Until recently, I have had my new Toyota Avalon serviced every 5,000 miles at the dealer for free. Now that it is 2 years old, the 5,000-mile services will no longer be free. What is your thought on having them done by an independent mechanic, if I can find one? I recently moved to a new town, so finding a reliable independent guy could be a chore. What does the dealer provide that others cannot?
Better coffee and a cleaner waiting room. And People Magazines published after 2007.
But that’s not all a dealer can provide. One thing you can get at the dealer is software upgrades. Transmissions and engine-management systems run on software these days, and to fix reported drivability problems, the manufacturer sometimes issues updated software. Most independent shops won’t have those updates.
The other thing a dealer sometimes can do is solve an unusual problem. While your independent mechanic may have a handful of customers with 2014 Avalons, the dealer sees a ton of them.
So let’s say every time you turn left while it’s raining, your car makes a noise that sounds like Alex Trebek sighing during Double Jeopardy. Well, chances are the dealer has seen it on someone else’s Avalon and knows what to do. That can save you money on diagnostic time and get your problem solved quickly.
On the other hand, the prices dealers charge for routine repairs usually are a lot higher than what independent shops charge. Especially since they want to make up for all those free 5,000-mile services they gave you.
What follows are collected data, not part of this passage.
lemma two_point_cover_if_covering_number_le_2:
  assumes "finite N" "F \<subseteq> Pow N" "cross_intersecting F F" "covering_number F \<le> 2"
  obtains x y :: nat where "x \<noteq> y" "\<forall>A\<in>F. A \<inter> {x, y} \<noteq> {}"
proof -
  have "\<forall>A\<in>F. N \<inter> A \<noteq> {}"
    using assms(2,3) by (fastforce simp: cross_intersecting_def)
  then obtain T where T: "finite T" "card T \<le> 2" "\<forall>A\<in>F. T \<inter> A \<noteq> {}"
    using assms(1,4) by (metis covering_number_attained)
  obtain x y :: nat where "x \<noteq> y" "T \<subseteq> {x, y}"
    by (rule subset_doubleton_if_card_le_2[OF infinite_UNIV_nat T(1,2)])
  with T(3) have "\<forall>A\<in>F. A \<inter> {x, y} \<noteq> {}"
    by blast
  with \<open>x \<noteq> y\<close> show ?thesis
    by (rule that)
qed

theorem theorem1p7:
  fixes n :: nat and F G :: "nat set set"
  assumes "n \<ge> 1"
    and "G \<subseteq> Pow {1..n}" and "F \<subseteq> G"
    and "down_set G" and "intersecting F"
    and "covering_number F \<le> 2"
  shows "card F \<le> Max ((\<lambda>x. card {A\<in>G. x \<in> A}) ` {1..n})"
proof -
  have G: "down_closed G"
    using assms(4) by (simp add: down_set_def down_closed_def)
  have F: "cross_intersecting F F"
    using assms(5) by (simp add: intersecting_def cross_intersecting_def)
  have "F \<subseteq> Pow {1..n}"
    using assms(2,3) by blast
  then obtain x y where "x \<noteq> y" and cover: "\<forall>A\<in>F. A \<inter> {x, y} \<noteq> {}"
    by (rule two_point_cover_if_covering_number_le_2[OF finite_atLeastAtMost _ F assms(6)])
  define Y where "Y = {1..n} - {x, y}"
  have Y: "finite Y" "x \<notin> Y" "y \<notin> Y" "G \<subseteq> Pow (Y \<union> {x, y})"
    using assms(2) unfolding Y_def by auto
  have "card F \<le> card {A \<in> G. y \<in> A} \<or> card F \<le> card {A \<in> G. x \<in> A}"
  proof (cases "card (slice G {x} Y) \<le> card (slice G {y} Y)")
    case True
    then show ?thesis
      using card_le_degree_if_two_point_cover[OF Y(1-3) \<open>x \<noteq> y\<close> Y(4) G assms(3) F cover]
      by blast
  next
    case False
    then show ?thesis
      using card_le_degree_if_two_point_cover[of Y y x G F] Y \<open>x \<noteq> y\<close> G assms(3) F cover
      by (auto simp: insert_commute)
  qed
  then show ?thesis
    using card_le_Max_degree[OF finite_atLeastAtMost assms(2)] by blast
qed

end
It’s not unusual for someone to walk out of a dealership with a “15,000-mile service” that cost $500. An independent might do the same work for half that amount. Or less.
And for routine maintenance and repairs, like oil changes, regular service, brakes, shocks, exhaust work, check-engine lights and the like, a good independent mechanic will do just as good a job. And he can even get the same Toyota parts from the dealer.
Sure, you’ll have to wear your hazmat suit if you need to use the restroom, but that’s the tradeoff.
Since you’re new in town, I suggest you head on over to www.mechanicsfiles.com. That’s a database of mechanics that our listeners and readers have personally recommended over the years.
You can search it by ZIP code and read the reviews of shops in your area. That should help you find a good shop quickly.
And you can always call the service department of your dealership and ask if there are any software upgrades for your car. You’ll need to give them the vehicle identification number when you call. If there is one, you can go to the dealer for that. Or have them do the software upgrade while they’re fixing the Alex Trebek thing. Good luck.
I have a 1963 Buick Skylark V-8 that is very slow to shift into high gear. I need to go approximately 50 mph before it’ll shift. I have tried additives. Is there some other simple fix? Thanks.
The crusher’s not simple enough for you?
Actually, there might be a very simple fix.
Most cars of this era had transmissions that used vacuum modulators to help them figure out when to shift. In order to shift at the right time, the transmission needs to know how hard the engine is working. And one measure of that is the amount of vacuum it’s producing.
As your foot pushes down on the gas pedal, engine vacuum decreases. That’s because as the throttle opens, lots of air is let in.
So when you stomp on the gas to enter a highway or climb a hill, the vacuum modulator detects the drop in vacuum, and calls for a downshift. Conversely, when you ease off the gas and level out your speed, engine vacuum increases, and the transmission upshifts.
In your case, the line that connects the intake manifold to the vacuum modulator may have fallen off. Or it may be cracked or broken. Or the diaphragm in the vacuum modulator itself may have decided that five decades of that kind of work is enough, and retired to Boca.
And sometimes, leaky vacuum modulator diaphragms can allow transmission fluid to get sucked back into the intake manifold, resulting in voluminous clouds of blue smoke coming out of the tailpipe. If you’re nodding your head now, saying, “So that’s what all that blue smoke is!” I think we’re on the right track.
You probably still can find a new vacuum modulator for short money if you’re lucky. That’s pretty simple, right?
We’ll keep our fingers crossed for you.